═══ DATA TO USE ═══

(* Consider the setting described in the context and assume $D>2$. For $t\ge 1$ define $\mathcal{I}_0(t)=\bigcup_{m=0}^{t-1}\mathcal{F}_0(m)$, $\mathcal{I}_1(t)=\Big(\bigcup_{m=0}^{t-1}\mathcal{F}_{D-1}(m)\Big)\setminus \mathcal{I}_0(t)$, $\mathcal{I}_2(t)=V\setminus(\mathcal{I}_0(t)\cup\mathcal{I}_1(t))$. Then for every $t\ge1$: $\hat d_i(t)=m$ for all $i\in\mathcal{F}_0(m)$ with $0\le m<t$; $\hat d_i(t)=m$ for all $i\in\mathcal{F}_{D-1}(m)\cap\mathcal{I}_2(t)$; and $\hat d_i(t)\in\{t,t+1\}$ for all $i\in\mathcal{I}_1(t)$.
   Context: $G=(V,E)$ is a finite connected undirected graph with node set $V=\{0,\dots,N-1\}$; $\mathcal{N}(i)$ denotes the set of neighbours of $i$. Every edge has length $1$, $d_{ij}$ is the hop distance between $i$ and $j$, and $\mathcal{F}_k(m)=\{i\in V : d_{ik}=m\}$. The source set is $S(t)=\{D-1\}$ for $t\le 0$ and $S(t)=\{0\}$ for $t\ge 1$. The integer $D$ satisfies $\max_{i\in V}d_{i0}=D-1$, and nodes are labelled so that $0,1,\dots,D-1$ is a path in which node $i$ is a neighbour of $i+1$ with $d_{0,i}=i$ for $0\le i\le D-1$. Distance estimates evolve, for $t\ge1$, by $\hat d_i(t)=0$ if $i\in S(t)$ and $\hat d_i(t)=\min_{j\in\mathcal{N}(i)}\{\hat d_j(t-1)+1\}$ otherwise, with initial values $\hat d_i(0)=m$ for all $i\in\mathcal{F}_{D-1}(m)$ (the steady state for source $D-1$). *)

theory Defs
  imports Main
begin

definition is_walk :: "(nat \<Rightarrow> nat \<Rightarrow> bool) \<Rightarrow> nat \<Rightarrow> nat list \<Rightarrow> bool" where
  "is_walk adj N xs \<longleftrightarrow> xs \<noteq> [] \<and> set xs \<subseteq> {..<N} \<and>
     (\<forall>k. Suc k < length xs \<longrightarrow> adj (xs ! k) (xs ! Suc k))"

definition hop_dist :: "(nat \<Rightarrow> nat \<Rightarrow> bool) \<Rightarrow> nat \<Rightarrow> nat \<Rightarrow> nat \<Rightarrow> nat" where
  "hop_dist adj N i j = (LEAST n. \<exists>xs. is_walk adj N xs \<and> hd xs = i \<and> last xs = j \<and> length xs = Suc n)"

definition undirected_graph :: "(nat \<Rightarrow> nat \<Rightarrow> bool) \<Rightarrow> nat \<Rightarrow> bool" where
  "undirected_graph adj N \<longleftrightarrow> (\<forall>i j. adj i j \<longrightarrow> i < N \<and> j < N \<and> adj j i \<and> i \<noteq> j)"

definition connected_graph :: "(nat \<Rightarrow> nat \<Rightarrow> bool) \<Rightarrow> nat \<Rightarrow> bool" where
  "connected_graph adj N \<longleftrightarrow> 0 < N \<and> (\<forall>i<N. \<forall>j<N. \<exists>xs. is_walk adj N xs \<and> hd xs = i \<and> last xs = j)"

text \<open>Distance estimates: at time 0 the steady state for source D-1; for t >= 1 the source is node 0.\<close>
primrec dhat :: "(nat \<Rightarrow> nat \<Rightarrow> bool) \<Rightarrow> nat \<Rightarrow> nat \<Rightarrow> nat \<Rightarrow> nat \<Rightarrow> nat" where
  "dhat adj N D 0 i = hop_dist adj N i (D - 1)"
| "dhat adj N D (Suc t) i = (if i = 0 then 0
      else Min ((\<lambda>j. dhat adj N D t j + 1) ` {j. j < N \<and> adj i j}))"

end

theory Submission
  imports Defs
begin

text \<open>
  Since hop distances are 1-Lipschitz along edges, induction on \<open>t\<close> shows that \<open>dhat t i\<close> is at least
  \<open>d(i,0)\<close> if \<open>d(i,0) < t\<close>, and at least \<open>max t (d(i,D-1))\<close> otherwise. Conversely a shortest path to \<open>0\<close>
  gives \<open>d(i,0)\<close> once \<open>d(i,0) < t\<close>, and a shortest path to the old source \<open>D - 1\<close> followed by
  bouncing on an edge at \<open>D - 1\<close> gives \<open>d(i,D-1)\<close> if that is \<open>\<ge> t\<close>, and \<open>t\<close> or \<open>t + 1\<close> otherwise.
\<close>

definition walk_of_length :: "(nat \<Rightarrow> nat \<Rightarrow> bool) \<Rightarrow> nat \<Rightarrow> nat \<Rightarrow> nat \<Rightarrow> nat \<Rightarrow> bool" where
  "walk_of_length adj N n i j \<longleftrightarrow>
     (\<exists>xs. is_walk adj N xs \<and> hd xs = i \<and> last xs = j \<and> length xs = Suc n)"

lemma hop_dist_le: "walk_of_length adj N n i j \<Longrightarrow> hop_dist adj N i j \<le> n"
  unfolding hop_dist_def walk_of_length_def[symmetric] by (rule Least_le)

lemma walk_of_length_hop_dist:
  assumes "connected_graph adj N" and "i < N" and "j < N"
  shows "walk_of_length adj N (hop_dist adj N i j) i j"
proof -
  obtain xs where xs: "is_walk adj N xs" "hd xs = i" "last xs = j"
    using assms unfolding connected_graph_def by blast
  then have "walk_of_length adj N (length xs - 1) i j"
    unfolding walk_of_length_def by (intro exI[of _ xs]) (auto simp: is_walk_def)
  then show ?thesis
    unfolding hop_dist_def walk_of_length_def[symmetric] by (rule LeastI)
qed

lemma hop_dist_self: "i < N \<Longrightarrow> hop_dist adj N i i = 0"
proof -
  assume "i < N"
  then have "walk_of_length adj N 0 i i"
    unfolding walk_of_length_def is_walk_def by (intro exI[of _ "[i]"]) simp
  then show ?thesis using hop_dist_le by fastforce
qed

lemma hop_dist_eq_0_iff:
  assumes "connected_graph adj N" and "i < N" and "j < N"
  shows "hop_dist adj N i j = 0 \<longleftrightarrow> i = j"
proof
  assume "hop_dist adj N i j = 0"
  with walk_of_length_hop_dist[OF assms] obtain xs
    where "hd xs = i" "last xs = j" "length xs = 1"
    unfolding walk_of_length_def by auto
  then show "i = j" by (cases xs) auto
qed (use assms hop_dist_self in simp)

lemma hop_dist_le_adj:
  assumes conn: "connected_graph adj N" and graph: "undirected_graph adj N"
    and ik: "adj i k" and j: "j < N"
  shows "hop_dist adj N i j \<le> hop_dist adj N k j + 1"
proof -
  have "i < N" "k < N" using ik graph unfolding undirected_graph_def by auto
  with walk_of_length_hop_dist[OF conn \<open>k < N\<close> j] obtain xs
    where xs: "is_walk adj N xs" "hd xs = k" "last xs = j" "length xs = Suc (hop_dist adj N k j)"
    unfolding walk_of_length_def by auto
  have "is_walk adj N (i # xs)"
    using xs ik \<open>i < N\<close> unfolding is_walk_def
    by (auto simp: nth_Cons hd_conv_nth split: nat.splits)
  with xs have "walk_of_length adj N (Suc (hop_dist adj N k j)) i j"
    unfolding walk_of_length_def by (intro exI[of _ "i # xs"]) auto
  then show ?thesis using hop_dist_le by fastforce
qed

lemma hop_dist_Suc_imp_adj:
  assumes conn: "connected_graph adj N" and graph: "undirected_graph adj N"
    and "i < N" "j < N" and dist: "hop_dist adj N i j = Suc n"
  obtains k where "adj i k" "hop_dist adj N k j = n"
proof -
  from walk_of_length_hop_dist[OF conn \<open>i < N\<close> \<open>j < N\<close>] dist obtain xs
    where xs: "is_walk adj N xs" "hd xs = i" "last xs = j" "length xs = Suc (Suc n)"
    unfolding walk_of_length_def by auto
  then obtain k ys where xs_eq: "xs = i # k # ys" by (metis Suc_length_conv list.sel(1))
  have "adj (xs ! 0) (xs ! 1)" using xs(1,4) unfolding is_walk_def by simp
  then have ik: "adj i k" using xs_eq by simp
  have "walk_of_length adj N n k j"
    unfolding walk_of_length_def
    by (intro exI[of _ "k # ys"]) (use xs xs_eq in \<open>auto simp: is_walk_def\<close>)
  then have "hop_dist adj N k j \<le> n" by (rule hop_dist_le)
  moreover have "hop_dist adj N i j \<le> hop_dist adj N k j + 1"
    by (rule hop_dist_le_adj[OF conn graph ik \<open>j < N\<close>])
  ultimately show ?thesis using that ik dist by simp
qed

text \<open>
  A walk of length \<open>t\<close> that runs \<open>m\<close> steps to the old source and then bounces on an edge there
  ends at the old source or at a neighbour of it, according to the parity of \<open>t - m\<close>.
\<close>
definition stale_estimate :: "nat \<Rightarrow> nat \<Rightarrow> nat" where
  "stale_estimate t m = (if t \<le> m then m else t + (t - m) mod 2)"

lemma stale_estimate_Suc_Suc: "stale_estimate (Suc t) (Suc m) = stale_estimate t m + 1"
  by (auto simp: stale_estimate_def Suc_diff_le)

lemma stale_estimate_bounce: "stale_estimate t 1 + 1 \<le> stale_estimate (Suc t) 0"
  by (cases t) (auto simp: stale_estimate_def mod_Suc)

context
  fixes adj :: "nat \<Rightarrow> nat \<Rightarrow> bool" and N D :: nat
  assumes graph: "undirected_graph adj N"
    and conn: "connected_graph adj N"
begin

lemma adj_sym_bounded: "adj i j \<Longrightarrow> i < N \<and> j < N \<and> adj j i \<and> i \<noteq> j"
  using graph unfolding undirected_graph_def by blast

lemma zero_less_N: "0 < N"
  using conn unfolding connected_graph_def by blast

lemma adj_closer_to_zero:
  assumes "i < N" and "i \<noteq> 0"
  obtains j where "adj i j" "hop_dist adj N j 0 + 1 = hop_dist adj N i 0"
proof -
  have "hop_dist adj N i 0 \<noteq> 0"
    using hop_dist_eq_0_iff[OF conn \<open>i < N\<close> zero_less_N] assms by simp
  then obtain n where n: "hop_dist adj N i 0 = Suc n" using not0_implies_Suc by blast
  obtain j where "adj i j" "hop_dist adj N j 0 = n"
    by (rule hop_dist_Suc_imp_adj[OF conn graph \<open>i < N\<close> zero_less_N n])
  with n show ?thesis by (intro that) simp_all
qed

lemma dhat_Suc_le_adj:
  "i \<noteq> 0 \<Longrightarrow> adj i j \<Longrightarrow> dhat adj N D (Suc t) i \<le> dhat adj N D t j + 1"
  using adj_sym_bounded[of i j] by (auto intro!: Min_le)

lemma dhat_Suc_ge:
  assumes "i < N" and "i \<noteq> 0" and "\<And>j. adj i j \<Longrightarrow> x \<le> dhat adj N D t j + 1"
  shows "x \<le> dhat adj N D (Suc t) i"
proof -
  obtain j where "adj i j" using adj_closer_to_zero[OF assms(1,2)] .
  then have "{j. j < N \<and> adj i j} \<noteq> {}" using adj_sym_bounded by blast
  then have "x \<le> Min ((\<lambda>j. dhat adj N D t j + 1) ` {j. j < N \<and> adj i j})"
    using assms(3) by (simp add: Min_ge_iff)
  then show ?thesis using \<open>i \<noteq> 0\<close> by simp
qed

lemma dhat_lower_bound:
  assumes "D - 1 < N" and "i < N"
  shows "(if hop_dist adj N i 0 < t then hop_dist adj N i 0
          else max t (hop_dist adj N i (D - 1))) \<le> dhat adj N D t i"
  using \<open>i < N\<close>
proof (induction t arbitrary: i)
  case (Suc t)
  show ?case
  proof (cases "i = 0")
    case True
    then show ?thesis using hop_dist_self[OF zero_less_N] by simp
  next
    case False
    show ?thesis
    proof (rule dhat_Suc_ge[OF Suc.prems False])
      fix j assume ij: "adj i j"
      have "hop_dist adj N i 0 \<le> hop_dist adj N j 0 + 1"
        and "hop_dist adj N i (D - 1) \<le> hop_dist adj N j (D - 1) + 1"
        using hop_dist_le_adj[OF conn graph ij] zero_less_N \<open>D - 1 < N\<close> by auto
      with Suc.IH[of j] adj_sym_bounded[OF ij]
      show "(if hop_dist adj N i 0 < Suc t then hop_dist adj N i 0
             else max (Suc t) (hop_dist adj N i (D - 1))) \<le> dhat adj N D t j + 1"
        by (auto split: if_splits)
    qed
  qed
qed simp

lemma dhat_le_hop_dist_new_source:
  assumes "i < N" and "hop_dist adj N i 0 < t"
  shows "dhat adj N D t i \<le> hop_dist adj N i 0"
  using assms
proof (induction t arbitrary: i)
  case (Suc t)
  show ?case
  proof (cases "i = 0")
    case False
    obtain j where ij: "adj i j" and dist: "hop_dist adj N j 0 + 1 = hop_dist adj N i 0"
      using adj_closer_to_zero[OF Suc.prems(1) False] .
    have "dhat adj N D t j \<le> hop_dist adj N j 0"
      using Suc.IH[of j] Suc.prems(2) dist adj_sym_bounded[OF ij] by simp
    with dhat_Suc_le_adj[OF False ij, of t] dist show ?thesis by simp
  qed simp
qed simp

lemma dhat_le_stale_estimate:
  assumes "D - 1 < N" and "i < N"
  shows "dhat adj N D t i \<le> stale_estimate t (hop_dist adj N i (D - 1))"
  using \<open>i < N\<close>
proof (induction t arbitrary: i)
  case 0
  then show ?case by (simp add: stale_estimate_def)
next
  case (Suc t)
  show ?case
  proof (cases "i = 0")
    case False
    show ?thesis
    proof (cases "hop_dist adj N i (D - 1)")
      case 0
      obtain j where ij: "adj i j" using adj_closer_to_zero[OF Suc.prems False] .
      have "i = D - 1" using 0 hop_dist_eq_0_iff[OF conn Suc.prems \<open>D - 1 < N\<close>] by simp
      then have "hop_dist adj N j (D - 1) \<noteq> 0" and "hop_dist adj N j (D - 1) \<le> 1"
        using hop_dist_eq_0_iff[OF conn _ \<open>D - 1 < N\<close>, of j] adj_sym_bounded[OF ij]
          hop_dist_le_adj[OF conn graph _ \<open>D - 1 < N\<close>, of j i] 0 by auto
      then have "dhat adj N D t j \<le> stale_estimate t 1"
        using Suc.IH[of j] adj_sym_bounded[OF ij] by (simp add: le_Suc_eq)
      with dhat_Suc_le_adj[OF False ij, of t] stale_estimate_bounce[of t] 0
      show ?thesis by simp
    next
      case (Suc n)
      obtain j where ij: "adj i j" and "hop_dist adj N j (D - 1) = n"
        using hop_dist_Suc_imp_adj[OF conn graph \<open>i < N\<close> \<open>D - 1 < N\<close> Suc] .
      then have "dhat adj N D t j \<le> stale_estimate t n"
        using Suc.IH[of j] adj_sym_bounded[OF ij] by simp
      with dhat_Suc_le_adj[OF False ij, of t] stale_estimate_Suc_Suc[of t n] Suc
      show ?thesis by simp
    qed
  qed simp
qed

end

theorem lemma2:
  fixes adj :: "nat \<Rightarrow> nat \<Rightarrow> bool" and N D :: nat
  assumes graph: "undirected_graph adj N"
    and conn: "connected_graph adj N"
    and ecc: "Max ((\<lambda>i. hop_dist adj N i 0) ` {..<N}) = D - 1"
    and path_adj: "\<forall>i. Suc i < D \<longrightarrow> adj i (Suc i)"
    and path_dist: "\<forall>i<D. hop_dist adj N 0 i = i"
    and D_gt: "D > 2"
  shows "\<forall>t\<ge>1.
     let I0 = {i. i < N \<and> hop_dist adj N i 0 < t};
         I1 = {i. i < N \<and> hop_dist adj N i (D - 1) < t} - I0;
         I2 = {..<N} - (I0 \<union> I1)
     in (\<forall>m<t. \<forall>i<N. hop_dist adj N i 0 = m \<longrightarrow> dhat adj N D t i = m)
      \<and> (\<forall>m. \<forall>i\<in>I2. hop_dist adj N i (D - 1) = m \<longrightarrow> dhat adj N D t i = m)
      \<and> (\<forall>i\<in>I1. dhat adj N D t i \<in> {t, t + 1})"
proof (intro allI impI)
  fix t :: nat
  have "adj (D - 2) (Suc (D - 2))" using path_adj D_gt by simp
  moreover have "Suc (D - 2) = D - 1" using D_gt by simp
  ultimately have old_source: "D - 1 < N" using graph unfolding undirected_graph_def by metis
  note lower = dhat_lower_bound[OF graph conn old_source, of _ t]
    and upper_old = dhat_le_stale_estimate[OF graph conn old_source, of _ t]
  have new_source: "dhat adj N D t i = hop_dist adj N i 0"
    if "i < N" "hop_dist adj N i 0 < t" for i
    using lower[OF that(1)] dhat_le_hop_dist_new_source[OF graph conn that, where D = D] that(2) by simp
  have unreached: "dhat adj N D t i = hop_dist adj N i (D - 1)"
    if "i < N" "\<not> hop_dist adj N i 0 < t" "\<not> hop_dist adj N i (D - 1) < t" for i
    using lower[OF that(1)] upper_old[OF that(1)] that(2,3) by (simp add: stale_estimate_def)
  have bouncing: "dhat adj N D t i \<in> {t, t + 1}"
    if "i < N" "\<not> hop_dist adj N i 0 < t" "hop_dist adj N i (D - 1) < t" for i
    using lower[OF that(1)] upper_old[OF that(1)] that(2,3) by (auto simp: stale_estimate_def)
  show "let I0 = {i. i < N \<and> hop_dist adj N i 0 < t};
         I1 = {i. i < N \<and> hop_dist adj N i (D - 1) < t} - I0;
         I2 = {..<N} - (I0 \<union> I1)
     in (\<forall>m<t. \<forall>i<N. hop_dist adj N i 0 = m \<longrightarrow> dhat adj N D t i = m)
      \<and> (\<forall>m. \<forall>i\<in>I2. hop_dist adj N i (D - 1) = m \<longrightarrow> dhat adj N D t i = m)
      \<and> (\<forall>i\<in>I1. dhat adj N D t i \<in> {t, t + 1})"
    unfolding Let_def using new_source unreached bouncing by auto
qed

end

═══
═══ DATA TO USE ═══

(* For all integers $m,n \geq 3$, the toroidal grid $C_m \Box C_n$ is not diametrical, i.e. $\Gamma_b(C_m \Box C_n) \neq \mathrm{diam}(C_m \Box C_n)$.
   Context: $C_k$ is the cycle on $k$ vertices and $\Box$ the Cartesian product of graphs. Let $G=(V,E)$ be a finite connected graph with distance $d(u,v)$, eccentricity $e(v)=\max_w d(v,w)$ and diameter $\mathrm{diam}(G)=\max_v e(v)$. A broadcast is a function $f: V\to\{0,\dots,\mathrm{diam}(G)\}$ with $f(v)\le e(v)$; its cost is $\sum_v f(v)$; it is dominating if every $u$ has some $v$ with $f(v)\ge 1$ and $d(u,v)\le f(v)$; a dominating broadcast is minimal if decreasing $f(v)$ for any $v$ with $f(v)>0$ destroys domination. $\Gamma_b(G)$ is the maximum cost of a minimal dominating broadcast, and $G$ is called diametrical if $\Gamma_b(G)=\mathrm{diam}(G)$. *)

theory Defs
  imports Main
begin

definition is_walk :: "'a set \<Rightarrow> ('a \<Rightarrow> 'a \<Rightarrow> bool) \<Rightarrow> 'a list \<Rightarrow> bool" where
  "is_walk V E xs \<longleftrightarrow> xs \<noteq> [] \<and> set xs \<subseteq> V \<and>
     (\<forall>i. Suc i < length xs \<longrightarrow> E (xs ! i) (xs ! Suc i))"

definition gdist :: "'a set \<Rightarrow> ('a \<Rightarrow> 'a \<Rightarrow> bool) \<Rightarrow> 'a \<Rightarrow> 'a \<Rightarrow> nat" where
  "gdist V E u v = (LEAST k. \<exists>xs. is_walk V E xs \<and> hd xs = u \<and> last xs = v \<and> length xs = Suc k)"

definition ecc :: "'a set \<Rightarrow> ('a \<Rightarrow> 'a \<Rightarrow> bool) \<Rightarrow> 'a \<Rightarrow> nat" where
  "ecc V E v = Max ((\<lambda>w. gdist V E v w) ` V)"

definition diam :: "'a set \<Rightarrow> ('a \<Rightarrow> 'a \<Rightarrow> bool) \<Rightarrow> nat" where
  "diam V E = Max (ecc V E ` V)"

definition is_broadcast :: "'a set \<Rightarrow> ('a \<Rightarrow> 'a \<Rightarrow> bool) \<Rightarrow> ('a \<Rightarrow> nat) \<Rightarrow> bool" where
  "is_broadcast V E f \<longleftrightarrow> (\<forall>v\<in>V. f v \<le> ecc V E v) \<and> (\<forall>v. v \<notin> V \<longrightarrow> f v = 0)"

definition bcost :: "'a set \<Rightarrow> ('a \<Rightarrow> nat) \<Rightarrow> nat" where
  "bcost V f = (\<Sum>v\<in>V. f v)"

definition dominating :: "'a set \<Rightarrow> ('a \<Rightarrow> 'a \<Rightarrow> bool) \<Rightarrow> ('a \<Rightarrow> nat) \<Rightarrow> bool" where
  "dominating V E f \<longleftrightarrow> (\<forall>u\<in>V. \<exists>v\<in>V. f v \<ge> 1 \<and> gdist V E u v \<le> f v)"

═══

EXERCISE OBJECTIVE: Looking at the records above, say how many of their lines include the word "split", with no other words.

TASK RESULT: 2